The King holds a grand party, during which he plans to publicly execute Cosse. The King announces that the Duc killed himself shortly after handing over his son. To save Cosse's life, Jeannette declares her loyalty and love for the King. However, she cannot keep up the charade and breaks down crying. Cosse claims he will bravely face death knowing that she truly loves him. As the soldiers prepare to execute him, Jeanette opens the palace gates and lets in the angry mob. In the midst of the chaos, Cosse escapes.
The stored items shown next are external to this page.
lemma prob_Int_tendsto_1:
  assumes "\<And>n. S n \<in> events" "\<And>n. T n \<in> events" "\<And>n. E n \<in> events"
    and "(\<lambda>n. prob (S n)) \<longlonglongrightarrow> 1" "(\<lambda>n. prob (T n)) \<longlonglongrightarrow> 1"
    and "\<And>n. S n \<inter> T n \<subseteq> E n"
  shows "(\<lambda>n. prob (E n)) \<longlonglongrightarrow> 1"
proof (rule tendsto_sandwich[OF _ _ _ tendsto_const])
  have "prob (S n) + prob (T n) - 1 \<le> prob (E n)" for n
  proof -
    have "prob (S n \<union> T n) = prob (S n) + prob (T n) - prob (S n \<inter> T n)"
      using assms(1,2) by (intro measure_Un3) (simp_all add: fmeasurable_eq_sets)
    moreover have "prob (S n \<inter> T n) \<le> prob (E n)"
      using assms(3,6) by (intro finite_measure_mono) auto
    ultimately show ?thesis
      using prob_le_1[of "S n \<union> T n"] by linarith
  qed
  then show "\<forall>\<^sub>F n in sequentially. prob (S n) + prob (T n) - 1 \<le> prob (E n)"
    by simp
  show "(\<lambda>n. prob (S n) + prob (T n) - 1) \<longlonglongrightarrow> 1"
    using tendsto_diff[OF tendsto_add[OF assms(4,5)] tendsto_const[of 1]] by simp
qed simp

lemma prob_tendsto_0_if_disjoint:
  assumes "\<And>n. A n \<in> events" "\<And>n. B n \<in> events" "\<And>n. A n \<inter> B n = {}"
    and "(\<lambda>n. prob (B n)) \<longlonglongrightarrow> 1"
  shows "(\<lambda>n. prob (A n)) \<longlonglongrightarrow> 0"
proof (rule tendsto_sandwich[OF _ _ tendsto_const])
  have "prob (A n) + prob (B n) \<le> 1" for n
  proof -
    have "prob (A n) + prob (B n) = prob (A n \<union> B n)"
      using assms(1-3) by (simp add: finite_measure_Union)
    also have "\<dots> \<le> 1"
      by (rule prob_le_1)
    finally show ?thesis .
  qed
  then show "\<forall>\<^sub>F n in sequentially. prob (A n) \<le> 1 - prob (B n)"
    by (simp add: algebra_simps)
  show "(\<lambda>n. 1 - prob (B n)) \<longlonglongrightarrow> 0"
    using tendsto_diff[OF tendsto_const[of 1] assms(4)] by simp
qed simp

lemma prob_mult_less_mult_tendsto_1:
  fixes W V :: "'a \<Rightarrow> real" and F G :: "nat \<Rightarrow> 'a \<Rightarrow> real"
  assumes [measurable]: "random_variable borel W" "random_variable borel V"
      "\<And>n. random_variable borel (F n)" "\<And>n. random_variable borel (G n)"
    and W_pos: "AE \<omega> in M. 0 < W \<omega>" and "c > 0"
    and S: "\<And>n. S n \<in> events" "(\<lambda>n. prob (S n)) \<longlonglongrightarrow> 1"
    and dominates: "\<And>n \<omega>. \<omega> \<in> S n \<Longrightarrow> 0 < F n \<omega> \<and> 0 \<le> G n \<omega> \<and> G n \<omega> * exp (real n * c) \<le> F n \<omega>"
  shows "(\<lambda>n. prob {\<omega>\<in>space M. V \<omega> * G n \<omega> < W \<omega> * F n \<omega>}) \<longlonglongrightarrow> 1"
proof (rule prob_Int_tendsto_1[OF S(1) _ _ S(2)])
  let ?T = "\<lambda>n. {\<omega>\<in>space M. 0 < W \<omega> \<and> V \<omega> < W \<omega> * exp (real n * c)}"
  have "filterlim (\<lambda>n. exp (real n * c)) at_top sequentially"
    using \<open>c > 0\<close> by (intro filterlim_compose[OF exp_at_top]
      filterlim_at_top_mult_tendsto_pos[OF tendsto_const] filterlim_real_sequentially)
  moreover have "incseq (\<lambda>n. exp (real n * c))"
    using \<open>c > 0\<close> by (simp add: incseq_def mult_right_mono)
  ultimately show "(\<lambda>n. prob (?T n)) \<longlonglongrightarrow> 1"
    using W_pos by (intro prob_less_mult_tendsto_1) auto
  show "S n \<inter> ?T n \<subseteq> {\<omega>\<in>space M. V \<omega> * G n \<omega> < W \<omega> * F n \<omega>}" for n
  proof safe
    fix \<omega> assume "\<omega> \<in> S n" "\<omega> \<in> space M" "0 < W \<omega>" and V: "V \<omega> < W \<omega> * exp (real n * c)"
    with dominates have F: "0 < F n \<omega>" and G: "0 \<le> G n \<omega>" "G n \<omega> * exp (real n * c) \<le> F n \<omega>"
      by auto
    show "V \<omega> * G n \<omega> < W \<omega> * F n \<omega>"
    proof (cases "G n \<omega> = 0")
      case True
      with F \<open>0 < W \<omega>\<close> show ?thesis
        by simp
    next
      case False
      with G have "V \<omega> * G n \<omega> < W \<omega> * exp (real n * c) * G n \<omega>"
        using V by (intro mult_strict_right_mono) auto
      also have "\<dots> \<le> W \<omega> * F n \<omega>"
        using G \<open>0 < W \<omega>\<close> by (simp add: mult.assoc mult.commute[of "exp _"])
      finally show ?thesis .
    qed
  qed
qed auto

end

locale bernoulli_sequence = prob_space +
  fixes x :: "nat \<Rightarrow> 'a \<Rightarrow> real" and p :: real
  assumes indep: "indep_vars (\<lambda>_. borel) x UNIV"
    and zero_one: "\<And>i \<omega>. \<omega> \<in> space M \<Longrightarrow> x i \<omega> \<in> {0, 1}"
    and prob_one: "\<And>i. prob {\<omega>\<in>space M. x i \<omega> = 1} = p"
begin

lemma random_variable [measurable]: "random_variable borel (x i)"
  using indep unfolding indep_vars_def by blast

lemma parameter_bounds: "p \<in> {0..1}"
  using prob_one[of 0] measure_nonneg prob_le_1 by force

lemma prob_typical_tendsto_1:
  assumes "\<epsilon> > 0"
  shows "(\<lambda>n. prob {\<omega>\<in>space M. typical p \<epsilon> n (\<Sum>i\<in>{1..n}. x i \<omega>)}) \<longlonglongrightarrow> 1"
proof (cases "p \<in> {0, 1}")
  case True
  have [measurable]: "Measurable.pred M (\<lambda>\<omega>. typical p \<epsilon> n (\<Sum>i\<in>{1..n}. x i \<omega>))" for n
    unfolding typical_def by measurable
  have "AE \<omega> in M. \<forall>i. x i \<omega> = p"
    using AE_degenerate_zero_one[OF zero_one _ prob_one True] by (simp add: AE_all_countable)
  then have AE_typical: "AE \<omega> in M. typical p \<epsilon> n (\<Sum>i\<in>{1..n}. x i \<omega>)" if "n \<ge> 1" for n
    by eventually_elim (use that \<open>\<epsilon> > 0\<close> True in \<open>simp add: typical_def\<close>)
  have "prob {\<omega>\<in>space M. typical p \<epsilon> n (\<Sum>i\<in>{1..n}. x i \<omega>)} = 1" if "n \<ge> 1" for n
  proof -
    have "{\<omega>\<in>space M. typical p \<epsilon> n (\<Sum>i\<in>{1..n}. x i \<omega>)} \<in> events"
      by measurable
    with AE_typical[OF that] show ?thesis
      by (simp add: prob_Collect_eq_1)
  qed
  then show ?thesis
    by (intro tendsto_eventually eventually_sequentiallyI)
next
  case False
  have "expectation (x i) = p" for i
    using expectation_zero_one[OF zero_one] prob_one by simp
  moreover have "AE \<omega> in M. x i \<omega> \<in> {0..1}" for i
    using zero_one[of _ i] by (intro AE_I2) fastforce
  ultimately have "(\<lambda>n. prob {\<omega>\<in>space M. \<bar>(\<Sum>i\<in>{1..n}. x i \<omega>) - real n * p\<bar> < real n * \<epsilon>}) \<longlonglongrightarrow> 1"
    using weak_law_bounded_indep[OF indep _ zero_less_one _ \<open>\<epsilon> > 0\<close>] by blast
  with False show ?thesis
    by (simp add: typical_def)
qed

lemma prob_Wn_less_tendsto_1:
  fixes W V :: "'a \<Rightarrow> real"
  assumes [measurable]: "random_variable borel W" "random_variable borel V"
    and W_pos: "AE \<omega> in M. 0 < W \<omega>"
    and o_nonneg: "0 \<le> o11" "0 \<le> o12" "0 \<le> o21" "0 \<le> o22"
    and "f \<in> {0..1}" "g \<in> {0..1}"
    and less: "Gr o11 o12 o21 o22 p g < Gr o11 o12 o21 o22 p f"
  shows "(\<lambda>n. prob {\<omega>\<in>space M.
            V \<omega> * Wn o11 o12 o21 o22 x n g \<omega> < W \<omega> * Wn o11 o12 o21 o22 x n f \<omega>}) \<longlonglongrightarrow> 1"
proof -
  have obar_nonneg: "0 \<le> obar1 o11 o12 h" "0 \<le> obar2 o21 o22 h" if "h \<in> {0..1}" for h
    using that o_nonneg unfolding obar1_def obar2_def by simp_all
  obtain c \<epsilon> where "c > 0" "\<epsilon> > 0" and gap: "\<And>n k. k \<le> n \<Longrightarrow> typical p \<epsilon> n (real k) \<Longrightarrow>
      0 < obar1 o11 o12 f ^ k * obar2 o21 o22 f ^ (n - k) \<and>
      obar1 o11 o12 g ^ k * obar2 o21 o22 g ^ (n - k) * exp (real n * c)
        \<le> obar1 o11 o12 f ^ k * obar2 o21 o22 f ^ (n - k)"
    using typical_power_exp_gap[OF obar_nonneg[OF \<open>f \<in> _\<close>] obar_nonneg[OF \<open>g \<in> _\<close>] parameter_bounds]
      less
    unfolding Gr_def by blast
  define S where "S n = {\<omega>\<in>space M. typical p \<epsilon> n (\<Sum>i\<in>{1..n}. x i \<omega>)}" for n
  show ?thesis
  proof (rule prob_mult_less_mult_tendsto_1[OF _ _ _ _ W_pos \<open>c > 0\<close>])
    show "S n \<in> events" for n
      unfolding S_def typical_def by measurable
    show "(\<lambda>n. prob (S n)) \<longlonglongrightarrow> 1"
      unfolding S_def using \<open>\<epsilon> > 0\<close> by (rule prob_typical_tendsto_1)
    fix n \<omega>
    assume "\<omega> \<in> S n"
    then have "\<omega> \<in> space M" "typical p \<epsilon> n (\<Sum>i\<in>{1..n}. x i \<omega>)"
      unfolding S_def by simp_all
    define k where "k = card {i\<in>{1..n}. x i \<omega> = 1}"
    have "k \<le> card {1..n}"
      unfolding k_def by (rule card_mono) auto
    moreover have "(\<Sum>i\<in>{1..n}. x i \<omega>) = real k"
      unfolding k_def using zero_one[OF \<open>\<omega> \<in> space M\<close>] by (intro sum_zero_one_eq_card) auto
    ultimately show "0 < Wn o11 o12 o21 o22 x n f \<omega> \<and> 0 \<le> Wn o11 o12 o21 o22 x n g \<omega> \<and>
        Wn o11 o12 o21 o22 x n g \<omega> * exp (real n * c) \<le> Wn o11 o12 o21 o22 x n f \<omega>"
      using gap \<open>typical p \<epsilon> n _\<close> obar_nonneg[OF \<open>g \<in> _\<close>]
      unfolding Wn_eq_power k_def[symmetric] by simp
  qed measurable
qed

lemma prob_Wn_greater_tendsto_0:
  fixes W V :: "'a \<Rightarrow> real"
  assumes [measurable]: "random_variable borel W" "random_variable borel V"
    and V_pos: "AE \<omega> in M. 0 < V \<omega>"
    and o_nonneg: "0 \<le> o11" "0 \<le> o12" "0 \<le> o21" "0 \<le> o22"
    and "f \<in> {0..1}" "g \<in> {0..1}"
    and less: "Gr o11 o12 o21 o22 p f < Gr o11 o12 o21 o22 p g"
  shows "(\<lambda>n. prob {\<omega>\<in>space M.
            V \<omega> * Wn o11 o12 o21 o22 x n g \<omega> < W \<omega> * Wn o11 o12 o21 o22 x n f \<omega>}) \<longlonglongrightarrow> 0"
proof -
  let ?win = "\<lambda>n. {\<omega>\<in>space M. V \<omega> * Wn o11 o12 o21 o22 x n g \<omega> < W \<omega> * Wn o11 o12 o21 o22 x n f \<omega>}"
  let ?lose = "\<lambda>n. {\<omega>\<in>space M. W \<omega> * Wn o11 o12 o21 o22 x n f \<omega> < V \<omega> * Wn o11 o12 o21 o22 x n g \<omega>}"
  have "(\<lambda>n. prob (?lose n)) \<longlonglongrightarrow> 1"
    using prob_Wn_less_tendsto_1[OF assms(2,1) V_pos o_nonneg \<open>g \<in> _\<close> \<open>f \<in> _\<close> less] .
  moreover have "?win n \<in> events" "?lose n \<in> events" for n
    by measurable
  moreover have "?win n \<inter> ?lose n = {}" for n
    using less_asym by blast
  ultimately show ?thesis
    by (intro prob_tendsto_0_if_disjoint[of ?win ?lose])
qed

end

theorem proposition7:
  fixes M :: "'a measure"
    and x :: "nat \<Rightarrow> 'a \<Rightarrow> real"
    and W0 V0 :: "'a \<Rightarrow> real"
    and o11 o12 o21 o22 p a f g :: real
  assumes "prob_space M"
    and "o11 > o12" "o12 \<ge> 0" "o22 > o21" "o21 \<ge> 0" "o11 > 1" "o22 > 1"
    and "p \<in> {0..1}"
    and "a > 0"
    and x_vals: "\<And>i \<omega>. \<omega> \<in> space M \<Longrightarrow> x i \<omega> \<in> {0, 1}"
    and x_bern: "\<And>i. measure M {\<omega> \<in> space M. x i \<omega> = 1} = p"
    and W0_unif: "distr M lborel W0 = uniform_measure lborel {0..a}"
    and V0_unif: "distr M lborel V0 = uniform_measure lborel {0..a}"
    and indep: "prob_space.indep_vars M (\<lambda>_. borel)
                  (case_sum x (\<lambda>b. if b then W0 else V0)) UNIV"
    and "f \<in> {0..1}" "g \<in> {0..1}"
    and "Gr o11 o12 o21 o22 p f \<noteq> Gr o11 o12 o21 o22 p g"
  shows "(\<lambda>n. measure M {\<omega> \<in> space M.
            W0 \<omega> * Wn o11 o12 o21 o22 x n f \<omega> > V0 \<omega> * Wn o11 o12 o21 o22 x n g \<omega>})
         \<longlonglongrightarrow> (if Gr o11 o12 o21 o22 p f > Gr o11 o12 o21 o22 p g then 1 else 0)"
proof -
  interpret prob_space M by fact
  have rv: "random_variable borel (case_sum x (\<lambda>b. if b then W0 else V0) k)" for k
    using indep unfolding indep_vars_def by blast
  have W0_V0 [measurable]: "random_variable borel W0" "random_variable borel V0"
    using rv[of "Inr True"] rv[of "Inr False"] by simp_all
  have "indep_vars (\<lambda>_. borel) x UNIV"
    using indep_vars_reindex[OF inj_Inl indep_vars_subset[OF indep subset_UNIV]] by simp
  then interpret bernoulli_sequence M x p
    using x_vals x_bern by unfold_locales
  have W0_pos: "AE \<omega> in M. 0 < W0 \<omega>" and V0_pos: "AE \<omega> in M. 0 < V0 \<omega>"
    using AE_pos_if_uniform W0_unif V0_unif \<open>a > 0\<close> by auto
  have o_nonneg: "0 \<le> o11" "0 \<le> o12" "0 \<le> o21" "0 \<le> o22"
    using assms(2-5) by simp_all
  note win = prob_Wn_less_tendsto_1[OF W0_V0 W0_pos o_nonneg \<open>f \<in> _\<close> \<open>g \<in> _\<close>]
  note lose = prob_Wn_greater_tendsto_0[OF W0_V0 V0_pos o_nonneg \<open>f \<in> _\<close> \<open>g \<in> _\<close>]
  show ?thesis
    using win lose \<open>Gr o11 o12 o21 o22 p f \<noteq> Gr o11 o12 o21 o22 p g\<close>
    by (cases "Gr o11 o12 o21 o22 p g < Gr o11 o12 o21 o22 p f") auto
qed

end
During the French Revolution, Jeanette is imprisoned due to her connection to the ancien régime. She is condemned to death, but remains hopeful that Cosse will fetch her once she is pardoned. However, he is unable to overturn her sentence. He renounces his loyalty to the French Republic so they may be executed together.

==Cast==

- Norma Talmadge - Jeannette Vaubernier, aka Madame du Barry
- William Farnum - Louis XV
- Conrad Nagel - Cosse de Brissac
- Hobart Bosworth - Duc de Brissac
- Ullrich Haupt - Jean Du Barry
- Alison Skipworth - La Gourdan
- E. Allyn Warren - Denys
- Edgar Norton - Renal
- Edwin Maxwell - Maupeou
- Henry Kolker - D'Aiguillon
- Oscar Apfel - Uncredited
- Eugenie Besserer - Rosalie the Prison Matron
- Earle Browne - Stage Director
- Knute Erickson - Jailer
- Cissy Fitzgerald - Bit role
- Clark Gable - Extra
- Lucille La Verne - Bit role
- Tom Ricketts - King's Aide
- Tom Santschi - Bit role
- Michael Visaroff - Bit

==Reception==
The film received mixed reviews. Movie Age deemed the film tame and "only moderately entertaining."

Screenland praised Talmadge as "splendid."
 Photoplay Magazine picked out William Farnum's role as Louis XV as one of the best performances of the year.
Motion Picture News wrote that the film had done well at the box office, and Farnum's performance had been praised, despite the screenplay being considered weak.